CSIS suggests engagement could begin through joint cooperation to search for several hundred US pilots shot down during World War II over northern Myanmar. The influential Washington think tank also suggested that Myanmar could be invited as an observer at the annual US-led Cobra Gold multilateral exercises, the largest in Asia, held every year in neighboring Thailand, as well as the US Navy’s Pacific Partnership program or the Air Force’s Pacific Angels operations, annual assistance exercises aimed at building ties with host countries.
“The United States could also send a military attache to Myanmar with the task of regularly engaging the country’s military, mapping opportunities to target training efforts to key leaders, and in general figuring out who is who,” wrote CSIS’s Hiebert. “Among other things, the officer could put together an alumni group of Myanmar officers who have studied in the United States.
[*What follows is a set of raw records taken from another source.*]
(* Let $(A,\mu,E,\Delta,\epsilon)$ be a regular weak multiplier bialgebra over a field. Then for all $a,b\in A$: (1) if $T_3(a\otimes b)=\sum_i x_i\otimes y_i$ then $\sum_i y_i\,\overline\sqcap^L(x_i)=ba$; (2) if $T_4(a\otimes b)=\sum_i x_i\otimes y_i$ then $\sum_i \overline\sqcap^R(y_i)\,x_i=ba$; (3) if $T_1(a\otimes b)=\sum_i x_i\otimes y_i$ then $\sum_i \sqcap^L(x_i)\,y_i=ab$; (4) if $T_2(a\otimes b)=\sum_i x_i\otimes y_i$ then $\sum_i x_i\,\sqcap^R(y_i)=ab$. (That is, $\mu^{\mathrm{op}}(\overline\sqcap^L\otimes\mathrm{id})T_3=\mu^{\mathrm{op}}$, $\mu^{\mathrm{op}}(\mathrm{id}\otimes\overline\sqcap^R)T_4=\mu^{\mathrm{op}}$, $\mu(\sqcap^L\otimes\mathrm{id})T_1=\mu$, $\mu(\mathrm{id}\otimes\sqcap^R)T_2=\mu$, with $\mu^{\mathrm{op}}(x\otimes y)=yx$.)
   Context: Let $k$ be a field. A non-unital $k$-algebra $A$ is idempotent if its multiplication $\mu$ is surjective and has non-degenerate multiplication if ($ab=0\ \forall a$)$\Rightarrow b=0$ and ($ba=0\ \forall a$)$\Rightarrow b=0$. $\mathbb M(A)$ is its multiplier algebra (pairs $(\lambda,\rho)$ of linear maps $A\to A$ with $a\lambda(b)=\rho(a)b$), a unital algebra containing $A$ as a dense ideal; $A\otimes A\subseteq\mathbb M(A\otimes A)$. Multiplicative $\gamma:A\to\mathbb M(B)$ with idempotent $e\in\mathbb M(B)$, $\langle\gamma(a)b\rangle=eB$, $\langle b\gamma(a)\rangle=Be$ ($\langle\,\rangle$=span) extends uniquely to multiplicative $\overline\gamma:\mathbb M(A)\to\mathbb M(B)$ with $\overline\gamma(1)=e$. A weak multiplier bialgebra: idempotent $A$ with non-degenerate multiplication, idempotent $E\in\mathbb M(A\otimes A)$, multiplicative linear $\Delta:A\to\mathbb M(A\otimes A)$, linear $\epsilon:A\to k$ with: (i) $T_1(a\otimes b):=\Delta(a)(1\otimes b)$, $T_2(a\otimes b):=(a\otimes1)\Delta(b)$ lie in $A\otimes A$; (ii) $(T_2\otimes\mathrm{id})(\mathrm{id}\otimes T_1)=(\mathrm{id}\otimes T_1)(T_2\otimes\mathrm{id})$; (iii) $(\epsilon\otimes\mathrm{id})T_1=\mu=(\mathrm{id}\otimes\epsilon)T_2$; (iv) $\langle\Delta(a)(b\otimes b')\rangle=\langle E(b\otimes b')\rangle$, $\langle(b\otimes b')\Delta(a)\rangle=\langle(b\otimes b')E\rangle$; (v) $(E\otimes1)(1\otimes E)=E^{(3)}=(1\otimes E)(E\otimes1)$ with $E^{(3)}:=(\overline{\mathrm{id}\otimes\Delta})(E)=(\overline{\Delta\otimes\mathrm{id}})(E)$; (vi) $(\epsilon\otimes\mathrm{id})((1\otimes a)E(b\otimes c))=(\epsilon\otimes\mathrm{id})(\Delta(a)(b\otimes c))$ and $(\epsilon\otimes\mathrm{id})((a\otimes b)E(1\otimes c))=(\epsilon\otimes\mathrm{id})((a\otimes b)\Delta(c))$. It is regular if moreover $T_3(a\otimes b):=(1\otimes b)\Delta(a)$ and $T_4(a\otimes b):=\Delta(b)(a\otimes1)$ lie in $A\otimes A$ for all $a,b$. For $a\in A$ define multipliers: $\overline\sqcap^L(a)$ by $\overline\sqcap^L(a)b=(\epsilon\otimes\mathrm{id})((a\otimes1)\Delta(b))$, $b\overline\sqcap^L(a)=(\epsilon\otimes\mathrm{id})((a\otimes b)E)$; $\overline\sqcap^R(a)$ by $b\overline\sqcap^R(a)=(\mathrm{id}\otimes\epsilon)(\Delta(b)(1\otimes a))$, $\overline\sqcap^R(a)b=(\mathrm{id}\otimes\epsilon)(E(b\otimes a))$; $\sqcap^L(a)$ by $\sqcap^L(a)b=(\epsilon\otimes\mathrm{id})(E(a\otimes b))$, $b\sqcap^L(a)=(\epsilon\otimes\mathrm{id})(\Delta(b)(a\otimes1))$; $\sqcap^R(a)$ by $b\sqcap^R(a)=(\mathrm{id}\otimes\epsilon)((b\otimes a)E)$, $\sqcap^R(a)b=(\mathrm{id}\otimes\epsilon)((1\otimes a)\Delta(b))$. *)

theory Defs
  imports Main "HOL.Vector_Spaces" "HOL-Library.Function_Algebras"
begin

text \<open>The non-unital k-algebra A is a type 'a of class ring (Isabelle's ring has no unit),
  the field k is a type 'k of class field, and sc is the scalar multiplication.
  Tensor powers of A are represented faithfully (over a field) by their canonical
  image in the k-valued multilinear forms on tuples of linear functionals on A:
  the elementary tensor a1 x ... x an is the function sending a list of linear
  functionals [f1,...,fn] to f1 a1 * ... * fn an (and everything else to 0).\<close>

type_synonym ('a,'k) tens = "('a \<Rightarrow> 'k) list \<Rightarrow> 'k"
type_synonym ('a,'k) mlt = "(('a,'k) tens \<Rightarrow> ('a,'k) tens) \<times> (('a,'k) tens \<Rightarrow> ('a,'k) tens)"

definition algebra_over :: "('k::field \<Rightarrow> 'a::ring \<Rightarrow> 'a) \<Rightarrow> bool" where
  "algebra_over sc \<longleftrightarrow> Vector_Spaces.vector_space sc \<and>
     (\<forall>c a b. sc c (a * b) = sc c a * b \<and> sc c (a * b) = a * sc c b)"

definition lin_fun :: "('k::field \<Rightarrow> 'a::ring \<Rightarrow> 'a) \<Rightarrow> ('a \<Rightarrow> 'k) \<Rightarrow> bool" where
  "lin_fun sc f \<longleftrightarrow> Vector_Spaces.linear sc (*) f"

definition etens :: "('k::field \<Rightarrow> 'a::ring \<Rightarrow> 'a) \<Rightarrow> 'a list \<Rightarrow> ('a,'k) tens" where
  "etens sc as = (\<lambda>fs. if length fs = length as \<and> (\<forall>f\<in>set fs. lin_fun sc f)
                        then prod_list (map2 (\<lambda>f a. f a) fs as) else 0)"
That group would include some interesting and influential leaders such as the minister of social welfare, the agriculture minister, and the chairman of the investment board.”
According to a former US Marine Corps Infantry Captain with bilateral training and advisory experience in Thailand, Iraq and Afghanistan who spoke to ATol on the condition of anonymity, the US would need to launch a comprehensive engagement program to have a meaningful impact. Anything less, he argues, would struggle to overcome entrenched inertia among the leadership and the myriad of political and cultural factors associated with the abusive status quo.
“[Military cooperation] would only play a small part in a much larger picture and so relationships like this must be sustained over years,” said the US military trainer. “Much of the [military's mentality] has to do with the upper leadership, who often are not engaged in the day-to-day exercises. Their attitudes will be trickier to change.”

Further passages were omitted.